WHAT IS NEEDED: Check each line below for "define" and say how many have it, with no other words.

EXERCISE INPUT:
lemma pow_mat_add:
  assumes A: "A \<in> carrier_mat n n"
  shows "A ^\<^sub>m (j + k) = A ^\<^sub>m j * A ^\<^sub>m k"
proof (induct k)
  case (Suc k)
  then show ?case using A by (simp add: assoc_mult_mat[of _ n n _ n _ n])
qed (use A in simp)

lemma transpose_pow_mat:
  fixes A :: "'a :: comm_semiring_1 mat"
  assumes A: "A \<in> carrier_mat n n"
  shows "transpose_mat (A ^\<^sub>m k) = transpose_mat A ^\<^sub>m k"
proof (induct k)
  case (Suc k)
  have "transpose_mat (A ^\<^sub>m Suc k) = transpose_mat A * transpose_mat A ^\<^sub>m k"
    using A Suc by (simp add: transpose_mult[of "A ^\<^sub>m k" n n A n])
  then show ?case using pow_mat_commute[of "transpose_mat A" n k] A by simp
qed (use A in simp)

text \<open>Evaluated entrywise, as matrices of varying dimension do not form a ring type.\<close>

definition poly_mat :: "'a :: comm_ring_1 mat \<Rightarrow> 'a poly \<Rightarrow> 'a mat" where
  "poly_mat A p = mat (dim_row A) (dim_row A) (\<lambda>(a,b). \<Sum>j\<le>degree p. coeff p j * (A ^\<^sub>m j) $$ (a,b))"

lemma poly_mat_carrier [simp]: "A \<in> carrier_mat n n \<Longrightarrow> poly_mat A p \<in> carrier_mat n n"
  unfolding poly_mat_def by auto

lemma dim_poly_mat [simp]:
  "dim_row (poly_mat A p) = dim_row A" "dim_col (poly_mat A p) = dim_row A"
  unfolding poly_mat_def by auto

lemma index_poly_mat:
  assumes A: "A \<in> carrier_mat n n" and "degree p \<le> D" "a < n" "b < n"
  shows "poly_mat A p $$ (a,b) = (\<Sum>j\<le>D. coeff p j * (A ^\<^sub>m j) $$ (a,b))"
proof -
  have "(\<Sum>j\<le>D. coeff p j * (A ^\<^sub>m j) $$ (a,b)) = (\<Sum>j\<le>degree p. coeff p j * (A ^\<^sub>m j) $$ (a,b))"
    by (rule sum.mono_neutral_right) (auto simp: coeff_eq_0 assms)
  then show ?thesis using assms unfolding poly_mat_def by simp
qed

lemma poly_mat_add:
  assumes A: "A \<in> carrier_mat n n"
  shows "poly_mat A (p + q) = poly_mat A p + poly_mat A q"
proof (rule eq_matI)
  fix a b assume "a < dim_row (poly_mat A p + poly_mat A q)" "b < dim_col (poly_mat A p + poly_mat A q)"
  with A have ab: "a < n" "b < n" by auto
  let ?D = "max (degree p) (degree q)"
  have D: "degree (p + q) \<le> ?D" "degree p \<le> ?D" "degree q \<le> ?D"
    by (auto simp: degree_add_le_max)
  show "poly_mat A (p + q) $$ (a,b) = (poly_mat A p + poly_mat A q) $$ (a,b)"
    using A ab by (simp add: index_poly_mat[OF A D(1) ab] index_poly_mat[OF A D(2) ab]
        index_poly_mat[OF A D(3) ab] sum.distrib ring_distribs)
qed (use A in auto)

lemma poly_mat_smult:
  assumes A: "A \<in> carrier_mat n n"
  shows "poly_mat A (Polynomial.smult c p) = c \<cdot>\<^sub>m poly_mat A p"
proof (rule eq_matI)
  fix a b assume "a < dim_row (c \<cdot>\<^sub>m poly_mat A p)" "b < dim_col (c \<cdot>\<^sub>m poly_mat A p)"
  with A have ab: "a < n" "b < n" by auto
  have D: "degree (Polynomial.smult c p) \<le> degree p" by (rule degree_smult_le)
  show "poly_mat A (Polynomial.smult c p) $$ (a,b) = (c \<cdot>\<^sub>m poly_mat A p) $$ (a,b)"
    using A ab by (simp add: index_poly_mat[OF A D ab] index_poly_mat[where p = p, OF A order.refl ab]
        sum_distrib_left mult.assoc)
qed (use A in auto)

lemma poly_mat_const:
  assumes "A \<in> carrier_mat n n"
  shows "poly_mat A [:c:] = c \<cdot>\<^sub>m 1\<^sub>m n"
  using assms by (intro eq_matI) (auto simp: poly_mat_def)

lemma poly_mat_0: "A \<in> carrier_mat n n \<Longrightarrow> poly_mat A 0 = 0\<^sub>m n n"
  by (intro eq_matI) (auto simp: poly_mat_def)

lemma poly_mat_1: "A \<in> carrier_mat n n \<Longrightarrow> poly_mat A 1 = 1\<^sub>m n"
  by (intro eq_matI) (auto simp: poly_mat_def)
...
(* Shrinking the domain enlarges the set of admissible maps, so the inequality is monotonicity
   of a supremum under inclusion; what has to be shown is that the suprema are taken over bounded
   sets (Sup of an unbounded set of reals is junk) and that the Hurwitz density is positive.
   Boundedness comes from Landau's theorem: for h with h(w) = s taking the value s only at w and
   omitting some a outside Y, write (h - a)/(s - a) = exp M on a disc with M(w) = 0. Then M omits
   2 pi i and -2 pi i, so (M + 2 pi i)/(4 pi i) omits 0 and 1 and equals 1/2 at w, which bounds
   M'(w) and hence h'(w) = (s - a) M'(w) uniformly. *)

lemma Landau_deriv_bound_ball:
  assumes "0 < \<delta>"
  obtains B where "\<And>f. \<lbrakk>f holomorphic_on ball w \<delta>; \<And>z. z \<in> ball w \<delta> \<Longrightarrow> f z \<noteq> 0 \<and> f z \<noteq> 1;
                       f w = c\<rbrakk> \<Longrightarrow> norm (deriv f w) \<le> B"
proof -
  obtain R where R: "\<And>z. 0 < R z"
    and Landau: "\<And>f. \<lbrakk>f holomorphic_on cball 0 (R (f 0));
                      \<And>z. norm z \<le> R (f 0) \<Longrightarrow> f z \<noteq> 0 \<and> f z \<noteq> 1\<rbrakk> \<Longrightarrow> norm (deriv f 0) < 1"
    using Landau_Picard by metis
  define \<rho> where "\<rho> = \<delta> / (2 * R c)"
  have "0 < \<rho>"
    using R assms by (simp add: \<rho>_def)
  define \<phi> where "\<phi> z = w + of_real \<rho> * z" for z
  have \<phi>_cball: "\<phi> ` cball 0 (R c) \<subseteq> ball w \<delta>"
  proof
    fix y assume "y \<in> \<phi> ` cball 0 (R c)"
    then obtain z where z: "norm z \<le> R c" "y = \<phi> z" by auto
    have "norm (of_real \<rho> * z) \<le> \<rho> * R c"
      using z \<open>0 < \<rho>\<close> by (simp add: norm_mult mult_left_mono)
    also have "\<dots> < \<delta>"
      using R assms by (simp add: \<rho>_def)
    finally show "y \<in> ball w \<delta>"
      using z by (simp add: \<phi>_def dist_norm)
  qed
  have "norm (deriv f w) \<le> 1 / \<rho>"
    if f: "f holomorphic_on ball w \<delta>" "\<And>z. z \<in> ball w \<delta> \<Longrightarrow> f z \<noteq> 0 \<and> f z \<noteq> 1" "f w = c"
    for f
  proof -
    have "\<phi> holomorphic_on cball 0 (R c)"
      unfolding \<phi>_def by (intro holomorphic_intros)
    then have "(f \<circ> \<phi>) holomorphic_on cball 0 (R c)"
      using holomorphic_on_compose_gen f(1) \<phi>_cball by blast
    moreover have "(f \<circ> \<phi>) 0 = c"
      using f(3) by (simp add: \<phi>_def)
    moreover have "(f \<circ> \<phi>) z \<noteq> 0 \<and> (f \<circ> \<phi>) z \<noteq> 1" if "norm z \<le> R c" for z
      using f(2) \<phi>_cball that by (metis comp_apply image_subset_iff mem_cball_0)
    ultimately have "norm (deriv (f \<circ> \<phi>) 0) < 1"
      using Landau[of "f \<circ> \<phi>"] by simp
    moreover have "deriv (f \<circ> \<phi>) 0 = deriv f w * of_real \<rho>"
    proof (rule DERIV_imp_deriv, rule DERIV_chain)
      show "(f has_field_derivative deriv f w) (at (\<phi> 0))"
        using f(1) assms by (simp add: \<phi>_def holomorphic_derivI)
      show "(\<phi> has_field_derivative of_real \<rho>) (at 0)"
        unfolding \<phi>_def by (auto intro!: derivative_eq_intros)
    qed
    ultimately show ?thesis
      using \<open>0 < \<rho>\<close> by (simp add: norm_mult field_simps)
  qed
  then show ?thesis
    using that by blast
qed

RESULT OF THE EXERCISE: 2